Problem statement: Beginning with the line that holds "(* For any convex" in the data below, give again every line through the one that holds "p q \<longleftrightarrow>", exactly as written.

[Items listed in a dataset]
______
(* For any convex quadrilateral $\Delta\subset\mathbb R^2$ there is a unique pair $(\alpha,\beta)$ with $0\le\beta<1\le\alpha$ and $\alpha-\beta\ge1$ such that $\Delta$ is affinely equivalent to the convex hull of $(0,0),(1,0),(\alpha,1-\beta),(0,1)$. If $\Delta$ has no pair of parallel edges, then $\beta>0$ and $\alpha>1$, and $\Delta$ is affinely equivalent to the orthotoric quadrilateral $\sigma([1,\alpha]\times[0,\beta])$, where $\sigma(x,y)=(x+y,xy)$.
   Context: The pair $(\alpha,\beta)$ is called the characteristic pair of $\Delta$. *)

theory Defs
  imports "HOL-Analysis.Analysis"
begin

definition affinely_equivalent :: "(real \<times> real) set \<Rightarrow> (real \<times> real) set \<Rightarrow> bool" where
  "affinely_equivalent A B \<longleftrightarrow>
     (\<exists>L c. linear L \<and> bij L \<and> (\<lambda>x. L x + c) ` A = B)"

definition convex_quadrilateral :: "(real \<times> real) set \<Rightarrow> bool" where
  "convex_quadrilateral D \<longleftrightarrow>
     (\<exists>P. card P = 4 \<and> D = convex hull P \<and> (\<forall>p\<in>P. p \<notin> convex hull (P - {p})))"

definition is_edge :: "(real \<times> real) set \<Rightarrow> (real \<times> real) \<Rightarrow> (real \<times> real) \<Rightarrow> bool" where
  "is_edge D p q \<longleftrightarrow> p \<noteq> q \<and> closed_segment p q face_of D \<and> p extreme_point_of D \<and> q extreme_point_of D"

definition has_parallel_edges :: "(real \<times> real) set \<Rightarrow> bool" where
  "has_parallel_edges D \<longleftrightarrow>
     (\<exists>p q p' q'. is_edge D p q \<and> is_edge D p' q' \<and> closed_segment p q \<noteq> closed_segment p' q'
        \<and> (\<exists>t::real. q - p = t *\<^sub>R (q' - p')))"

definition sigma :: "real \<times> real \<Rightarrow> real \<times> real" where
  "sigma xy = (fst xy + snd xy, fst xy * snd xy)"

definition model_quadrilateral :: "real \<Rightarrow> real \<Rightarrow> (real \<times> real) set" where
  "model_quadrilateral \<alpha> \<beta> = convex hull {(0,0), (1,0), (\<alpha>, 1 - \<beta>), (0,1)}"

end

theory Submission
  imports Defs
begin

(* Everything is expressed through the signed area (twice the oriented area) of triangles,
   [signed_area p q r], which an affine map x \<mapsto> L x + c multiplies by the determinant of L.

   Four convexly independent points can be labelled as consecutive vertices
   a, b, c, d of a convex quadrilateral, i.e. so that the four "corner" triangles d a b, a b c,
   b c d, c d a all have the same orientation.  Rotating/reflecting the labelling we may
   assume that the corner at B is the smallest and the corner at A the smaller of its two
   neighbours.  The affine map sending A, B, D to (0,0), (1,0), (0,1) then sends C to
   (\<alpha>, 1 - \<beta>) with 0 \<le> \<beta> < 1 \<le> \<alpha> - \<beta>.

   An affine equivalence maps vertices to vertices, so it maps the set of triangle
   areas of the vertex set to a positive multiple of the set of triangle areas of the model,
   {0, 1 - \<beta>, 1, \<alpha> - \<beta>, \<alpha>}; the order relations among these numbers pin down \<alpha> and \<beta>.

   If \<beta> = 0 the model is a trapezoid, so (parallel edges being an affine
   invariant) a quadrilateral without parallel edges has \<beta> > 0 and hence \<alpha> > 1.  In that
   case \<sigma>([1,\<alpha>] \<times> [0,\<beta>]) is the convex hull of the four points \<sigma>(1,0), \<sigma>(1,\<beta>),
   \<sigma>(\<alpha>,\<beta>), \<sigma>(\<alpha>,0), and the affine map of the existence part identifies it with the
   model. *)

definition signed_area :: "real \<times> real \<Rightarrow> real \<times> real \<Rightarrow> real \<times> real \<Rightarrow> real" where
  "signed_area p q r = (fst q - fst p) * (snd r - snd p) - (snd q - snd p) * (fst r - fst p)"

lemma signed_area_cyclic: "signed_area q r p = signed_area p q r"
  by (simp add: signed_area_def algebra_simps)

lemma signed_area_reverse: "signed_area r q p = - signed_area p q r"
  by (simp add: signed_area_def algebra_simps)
______
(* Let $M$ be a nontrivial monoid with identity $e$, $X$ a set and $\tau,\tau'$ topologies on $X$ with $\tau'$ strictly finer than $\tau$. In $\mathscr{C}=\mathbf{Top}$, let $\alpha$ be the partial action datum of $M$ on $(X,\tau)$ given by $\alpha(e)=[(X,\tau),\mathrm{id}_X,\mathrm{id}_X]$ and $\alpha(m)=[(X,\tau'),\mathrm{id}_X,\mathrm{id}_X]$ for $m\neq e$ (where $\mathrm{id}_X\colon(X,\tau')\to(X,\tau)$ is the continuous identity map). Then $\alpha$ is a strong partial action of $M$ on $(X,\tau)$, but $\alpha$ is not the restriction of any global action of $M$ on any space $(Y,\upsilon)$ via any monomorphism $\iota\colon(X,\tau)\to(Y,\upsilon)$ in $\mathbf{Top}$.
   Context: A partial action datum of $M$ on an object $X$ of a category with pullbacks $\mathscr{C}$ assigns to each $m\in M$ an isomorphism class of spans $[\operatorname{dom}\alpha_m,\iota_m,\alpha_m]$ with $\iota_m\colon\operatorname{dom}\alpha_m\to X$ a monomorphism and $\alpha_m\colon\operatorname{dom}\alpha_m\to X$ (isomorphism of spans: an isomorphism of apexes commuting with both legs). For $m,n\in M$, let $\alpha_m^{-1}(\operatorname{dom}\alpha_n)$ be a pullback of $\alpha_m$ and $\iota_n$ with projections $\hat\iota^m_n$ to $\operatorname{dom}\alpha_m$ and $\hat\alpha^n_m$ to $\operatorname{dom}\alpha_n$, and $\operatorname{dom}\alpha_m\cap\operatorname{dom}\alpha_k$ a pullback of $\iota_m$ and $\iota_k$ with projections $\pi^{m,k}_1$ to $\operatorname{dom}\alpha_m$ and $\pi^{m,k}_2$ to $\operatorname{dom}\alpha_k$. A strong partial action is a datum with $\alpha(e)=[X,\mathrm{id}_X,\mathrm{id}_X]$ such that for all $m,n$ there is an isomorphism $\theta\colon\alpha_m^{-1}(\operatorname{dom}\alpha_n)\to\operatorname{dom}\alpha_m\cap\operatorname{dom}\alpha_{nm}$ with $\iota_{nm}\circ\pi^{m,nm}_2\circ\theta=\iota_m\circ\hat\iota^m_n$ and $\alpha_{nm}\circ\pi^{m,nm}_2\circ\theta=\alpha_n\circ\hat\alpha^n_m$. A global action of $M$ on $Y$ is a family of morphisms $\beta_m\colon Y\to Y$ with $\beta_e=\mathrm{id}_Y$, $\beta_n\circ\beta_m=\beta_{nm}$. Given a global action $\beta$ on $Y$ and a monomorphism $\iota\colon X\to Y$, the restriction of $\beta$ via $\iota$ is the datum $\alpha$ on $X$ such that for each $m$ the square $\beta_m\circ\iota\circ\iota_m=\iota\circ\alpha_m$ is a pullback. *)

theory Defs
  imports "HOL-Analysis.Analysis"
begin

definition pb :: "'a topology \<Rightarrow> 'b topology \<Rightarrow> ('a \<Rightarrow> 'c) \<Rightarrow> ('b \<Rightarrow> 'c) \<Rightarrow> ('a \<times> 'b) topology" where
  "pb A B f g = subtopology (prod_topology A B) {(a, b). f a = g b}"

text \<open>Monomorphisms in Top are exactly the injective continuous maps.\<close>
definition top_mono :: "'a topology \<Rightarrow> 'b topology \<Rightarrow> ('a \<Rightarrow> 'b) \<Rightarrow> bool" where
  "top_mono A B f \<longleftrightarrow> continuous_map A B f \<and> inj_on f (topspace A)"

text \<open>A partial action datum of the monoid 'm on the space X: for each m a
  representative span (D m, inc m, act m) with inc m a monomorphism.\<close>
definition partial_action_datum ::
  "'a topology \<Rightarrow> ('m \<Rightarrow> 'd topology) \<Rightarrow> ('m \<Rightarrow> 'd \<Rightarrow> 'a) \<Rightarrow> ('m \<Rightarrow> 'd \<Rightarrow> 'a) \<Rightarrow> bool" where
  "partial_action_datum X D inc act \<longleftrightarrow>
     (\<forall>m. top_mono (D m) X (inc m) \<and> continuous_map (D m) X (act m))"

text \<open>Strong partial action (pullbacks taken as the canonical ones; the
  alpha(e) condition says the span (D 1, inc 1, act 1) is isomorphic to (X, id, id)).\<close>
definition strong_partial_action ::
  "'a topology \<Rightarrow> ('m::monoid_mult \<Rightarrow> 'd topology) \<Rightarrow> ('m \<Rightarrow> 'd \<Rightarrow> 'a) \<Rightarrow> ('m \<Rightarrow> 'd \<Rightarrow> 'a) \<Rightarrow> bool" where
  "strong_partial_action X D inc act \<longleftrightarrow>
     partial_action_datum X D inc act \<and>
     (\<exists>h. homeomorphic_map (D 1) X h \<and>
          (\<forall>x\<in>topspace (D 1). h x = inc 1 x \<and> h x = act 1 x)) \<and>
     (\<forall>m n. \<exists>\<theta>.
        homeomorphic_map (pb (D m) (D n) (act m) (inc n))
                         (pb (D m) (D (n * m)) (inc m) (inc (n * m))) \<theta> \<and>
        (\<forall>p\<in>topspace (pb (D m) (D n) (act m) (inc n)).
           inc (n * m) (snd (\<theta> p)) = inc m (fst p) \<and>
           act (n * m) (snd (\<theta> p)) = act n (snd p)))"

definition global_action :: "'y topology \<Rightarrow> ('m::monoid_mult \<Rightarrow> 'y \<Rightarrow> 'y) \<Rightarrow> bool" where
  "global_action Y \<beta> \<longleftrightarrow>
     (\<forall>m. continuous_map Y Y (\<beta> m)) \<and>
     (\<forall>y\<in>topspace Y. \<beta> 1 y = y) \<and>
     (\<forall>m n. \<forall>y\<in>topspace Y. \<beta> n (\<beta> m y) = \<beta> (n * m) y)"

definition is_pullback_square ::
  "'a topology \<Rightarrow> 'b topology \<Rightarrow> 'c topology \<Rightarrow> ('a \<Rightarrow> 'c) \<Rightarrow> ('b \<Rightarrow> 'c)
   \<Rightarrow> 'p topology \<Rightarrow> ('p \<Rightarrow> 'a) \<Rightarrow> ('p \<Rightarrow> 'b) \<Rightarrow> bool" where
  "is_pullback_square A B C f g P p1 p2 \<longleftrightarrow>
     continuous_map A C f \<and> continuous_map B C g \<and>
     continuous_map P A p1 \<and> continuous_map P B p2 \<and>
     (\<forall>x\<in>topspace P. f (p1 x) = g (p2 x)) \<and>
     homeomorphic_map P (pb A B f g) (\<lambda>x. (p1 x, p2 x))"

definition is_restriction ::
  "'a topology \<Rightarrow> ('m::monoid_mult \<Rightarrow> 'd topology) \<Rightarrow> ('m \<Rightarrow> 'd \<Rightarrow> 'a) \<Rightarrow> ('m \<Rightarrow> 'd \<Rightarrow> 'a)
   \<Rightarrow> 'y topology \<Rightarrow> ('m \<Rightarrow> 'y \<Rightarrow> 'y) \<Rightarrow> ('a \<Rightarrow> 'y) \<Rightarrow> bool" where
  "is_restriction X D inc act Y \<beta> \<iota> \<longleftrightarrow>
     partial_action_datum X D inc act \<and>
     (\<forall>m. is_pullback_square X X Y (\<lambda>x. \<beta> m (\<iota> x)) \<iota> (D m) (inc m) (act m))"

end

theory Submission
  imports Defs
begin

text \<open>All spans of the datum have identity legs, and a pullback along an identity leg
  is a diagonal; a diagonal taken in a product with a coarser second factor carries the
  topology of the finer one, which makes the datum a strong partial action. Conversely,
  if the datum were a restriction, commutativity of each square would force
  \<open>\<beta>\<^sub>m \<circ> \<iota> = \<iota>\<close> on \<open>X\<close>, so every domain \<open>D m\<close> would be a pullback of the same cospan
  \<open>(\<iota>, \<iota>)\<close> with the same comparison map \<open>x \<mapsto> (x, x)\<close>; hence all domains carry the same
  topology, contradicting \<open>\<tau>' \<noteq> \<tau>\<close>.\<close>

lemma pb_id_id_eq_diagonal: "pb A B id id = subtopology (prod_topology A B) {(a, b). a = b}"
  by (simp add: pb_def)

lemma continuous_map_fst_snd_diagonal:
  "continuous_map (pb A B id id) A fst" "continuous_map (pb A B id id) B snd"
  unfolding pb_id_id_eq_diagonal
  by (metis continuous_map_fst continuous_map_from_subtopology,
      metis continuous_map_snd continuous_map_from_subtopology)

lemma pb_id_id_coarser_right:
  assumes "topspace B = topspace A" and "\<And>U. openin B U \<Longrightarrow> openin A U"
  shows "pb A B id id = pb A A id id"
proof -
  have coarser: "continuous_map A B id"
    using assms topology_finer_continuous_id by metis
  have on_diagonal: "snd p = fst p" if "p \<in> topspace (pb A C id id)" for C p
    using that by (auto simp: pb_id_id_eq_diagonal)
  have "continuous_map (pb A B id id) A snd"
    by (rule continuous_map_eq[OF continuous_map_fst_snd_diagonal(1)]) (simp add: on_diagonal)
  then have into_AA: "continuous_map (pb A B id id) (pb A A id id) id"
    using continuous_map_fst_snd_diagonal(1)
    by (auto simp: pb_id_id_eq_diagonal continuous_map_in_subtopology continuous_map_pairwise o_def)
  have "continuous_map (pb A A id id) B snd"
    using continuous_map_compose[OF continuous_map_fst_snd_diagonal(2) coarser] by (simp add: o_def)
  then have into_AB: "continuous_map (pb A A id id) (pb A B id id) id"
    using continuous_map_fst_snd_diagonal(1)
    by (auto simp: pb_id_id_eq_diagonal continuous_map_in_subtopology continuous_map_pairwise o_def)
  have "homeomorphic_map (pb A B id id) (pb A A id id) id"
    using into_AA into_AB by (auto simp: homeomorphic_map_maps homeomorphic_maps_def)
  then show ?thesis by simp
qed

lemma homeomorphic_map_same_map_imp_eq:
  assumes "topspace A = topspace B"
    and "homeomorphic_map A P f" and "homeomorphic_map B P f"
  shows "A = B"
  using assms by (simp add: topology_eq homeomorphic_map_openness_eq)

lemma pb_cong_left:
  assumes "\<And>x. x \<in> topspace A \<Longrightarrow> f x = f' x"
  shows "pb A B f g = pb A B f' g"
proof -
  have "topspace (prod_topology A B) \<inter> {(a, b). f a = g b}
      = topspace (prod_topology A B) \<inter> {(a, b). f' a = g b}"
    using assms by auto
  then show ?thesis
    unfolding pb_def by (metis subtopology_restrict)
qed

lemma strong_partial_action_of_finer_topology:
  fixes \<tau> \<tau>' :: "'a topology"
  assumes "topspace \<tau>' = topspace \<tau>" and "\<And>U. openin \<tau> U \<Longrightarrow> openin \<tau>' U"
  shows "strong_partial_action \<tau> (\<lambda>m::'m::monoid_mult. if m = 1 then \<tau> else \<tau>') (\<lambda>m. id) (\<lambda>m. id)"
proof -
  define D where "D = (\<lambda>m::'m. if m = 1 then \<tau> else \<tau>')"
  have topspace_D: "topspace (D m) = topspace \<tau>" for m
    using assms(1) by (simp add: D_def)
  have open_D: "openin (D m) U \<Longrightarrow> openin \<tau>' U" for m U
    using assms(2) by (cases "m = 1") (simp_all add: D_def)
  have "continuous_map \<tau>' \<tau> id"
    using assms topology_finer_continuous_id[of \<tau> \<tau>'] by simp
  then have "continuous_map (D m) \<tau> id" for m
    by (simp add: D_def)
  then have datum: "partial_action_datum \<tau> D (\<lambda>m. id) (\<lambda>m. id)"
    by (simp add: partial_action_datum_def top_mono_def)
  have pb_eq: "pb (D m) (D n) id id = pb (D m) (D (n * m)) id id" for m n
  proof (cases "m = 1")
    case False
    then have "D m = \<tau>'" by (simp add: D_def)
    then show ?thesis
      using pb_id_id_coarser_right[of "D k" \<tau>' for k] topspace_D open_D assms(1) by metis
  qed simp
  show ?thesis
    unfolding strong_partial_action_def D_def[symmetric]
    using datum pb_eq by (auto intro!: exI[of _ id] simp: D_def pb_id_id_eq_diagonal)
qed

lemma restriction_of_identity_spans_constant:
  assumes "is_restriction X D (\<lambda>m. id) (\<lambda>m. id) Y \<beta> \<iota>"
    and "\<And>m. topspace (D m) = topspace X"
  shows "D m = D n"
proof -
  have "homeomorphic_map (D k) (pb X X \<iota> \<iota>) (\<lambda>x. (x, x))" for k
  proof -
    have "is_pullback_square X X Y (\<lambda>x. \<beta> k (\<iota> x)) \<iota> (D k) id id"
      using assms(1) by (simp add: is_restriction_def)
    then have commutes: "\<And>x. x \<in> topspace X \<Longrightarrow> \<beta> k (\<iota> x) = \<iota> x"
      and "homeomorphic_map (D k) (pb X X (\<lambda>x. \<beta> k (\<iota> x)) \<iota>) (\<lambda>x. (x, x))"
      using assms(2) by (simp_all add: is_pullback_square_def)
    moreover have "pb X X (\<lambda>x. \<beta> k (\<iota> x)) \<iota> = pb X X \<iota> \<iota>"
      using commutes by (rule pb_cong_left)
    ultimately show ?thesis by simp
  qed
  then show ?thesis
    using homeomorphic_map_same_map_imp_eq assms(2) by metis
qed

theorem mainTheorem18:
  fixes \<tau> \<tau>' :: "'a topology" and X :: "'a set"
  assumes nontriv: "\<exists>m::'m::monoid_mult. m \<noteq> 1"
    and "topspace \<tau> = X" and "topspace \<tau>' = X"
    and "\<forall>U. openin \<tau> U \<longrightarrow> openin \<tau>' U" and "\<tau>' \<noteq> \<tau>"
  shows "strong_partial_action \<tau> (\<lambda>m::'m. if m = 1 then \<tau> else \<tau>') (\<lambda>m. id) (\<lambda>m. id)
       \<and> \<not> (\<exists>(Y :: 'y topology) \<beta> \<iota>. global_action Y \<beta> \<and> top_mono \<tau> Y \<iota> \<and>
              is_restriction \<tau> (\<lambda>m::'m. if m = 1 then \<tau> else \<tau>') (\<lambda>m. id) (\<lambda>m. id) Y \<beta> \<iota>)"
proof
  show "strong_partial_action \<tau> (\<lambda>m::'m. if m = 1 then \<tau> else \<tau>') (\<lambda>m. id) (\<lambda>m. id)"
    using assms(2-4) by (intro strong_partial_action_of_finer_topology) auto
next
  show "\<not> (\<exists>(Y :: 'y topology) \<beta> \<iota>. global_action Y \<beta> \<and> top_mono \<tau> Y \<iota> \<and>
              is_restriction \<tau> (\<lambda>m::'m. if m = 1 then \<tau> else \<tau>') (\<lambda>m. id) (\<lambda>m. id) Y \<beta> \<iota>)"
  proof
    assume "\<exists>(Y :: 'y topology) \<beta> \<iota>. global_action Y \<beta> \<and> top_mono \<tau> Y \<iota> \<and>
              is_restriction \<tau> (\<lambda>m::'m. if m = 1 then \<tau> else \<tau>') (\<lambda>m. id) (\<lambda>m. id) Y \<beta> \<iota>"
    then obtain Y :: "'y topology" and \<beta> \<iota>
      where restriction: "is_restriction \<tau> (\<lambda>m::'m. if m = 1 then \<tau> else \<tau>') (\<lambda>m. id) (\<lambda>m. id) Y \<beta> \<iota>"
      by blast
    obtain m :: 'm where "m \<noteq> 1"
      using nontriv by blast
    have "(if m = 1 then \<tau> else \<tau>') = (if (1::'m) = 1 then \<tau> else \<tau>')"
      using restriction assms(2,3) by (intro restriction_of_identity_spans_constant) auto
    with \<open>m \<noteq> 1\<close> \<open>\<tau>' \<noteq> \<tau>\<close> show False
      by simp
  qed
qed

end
______
Your response:
(* For any convex quadrilateral $\Delta\subset\mathbb R^2$ there is a unique pair $(\alpha,\beta)$ with $0\le\beta<1\le\alpha$ and $\alpha-\beta\ge1$ such that $\Delta$ is affinely equivalent to the convex hull of $(0,0),(1,0),(\alpha,1-\beta),(0,1)$. If $\Delta$ has no pair of parallel edges, then $\beta>0$ and $\alpha>1$, and $\Delta$ is affinely equivalent to the orthotoric quadrilateral $\sigma([1,\alpha]\times[0,\beta])$, where $\sigma(x,y)=(x+y,xy)$.
   Context: The pair $(\alpha,\beta)$ is called the characteristic pair of $\Delta$. *)

theory Defs
  imports "HOL-Analysis.Analysis"
begin

definition affinely_equivalent :: "(real \<times> real) set \<Rightarrow> (real \<times> real) set \<Rightarrow> bool" where
  "affinely_equivalent A B \<longleftrightarrow>
     (\<exists>L c. linear L \<and> bij L \<and> (\<lambda>x. L x + c) ` A = B)"

definition convex_quadrilateral :: "(real \<times> real) set \<Rightarrow> bool" where
  "convex_quadrilateral D \<longleftrightarrow>
     (\<exists>P. card P = 4 \<and> D = convex hull P \<and> (\<forall>p\<in>P. p \<notin> convex hull (P - {p})))"

definition is_edge :: "(real \<times> real) set \<Rightarrow> (real \<times> real) \<Rightarrow> (real \<times> real) \<Rightarrow> bool" where
  "is_edge D p q \<longleftrightarrow> p \<noteq> q \<and> closed_segment p q face_of D \<and> p extreme_point_of D \<and> q extreme_point_of D"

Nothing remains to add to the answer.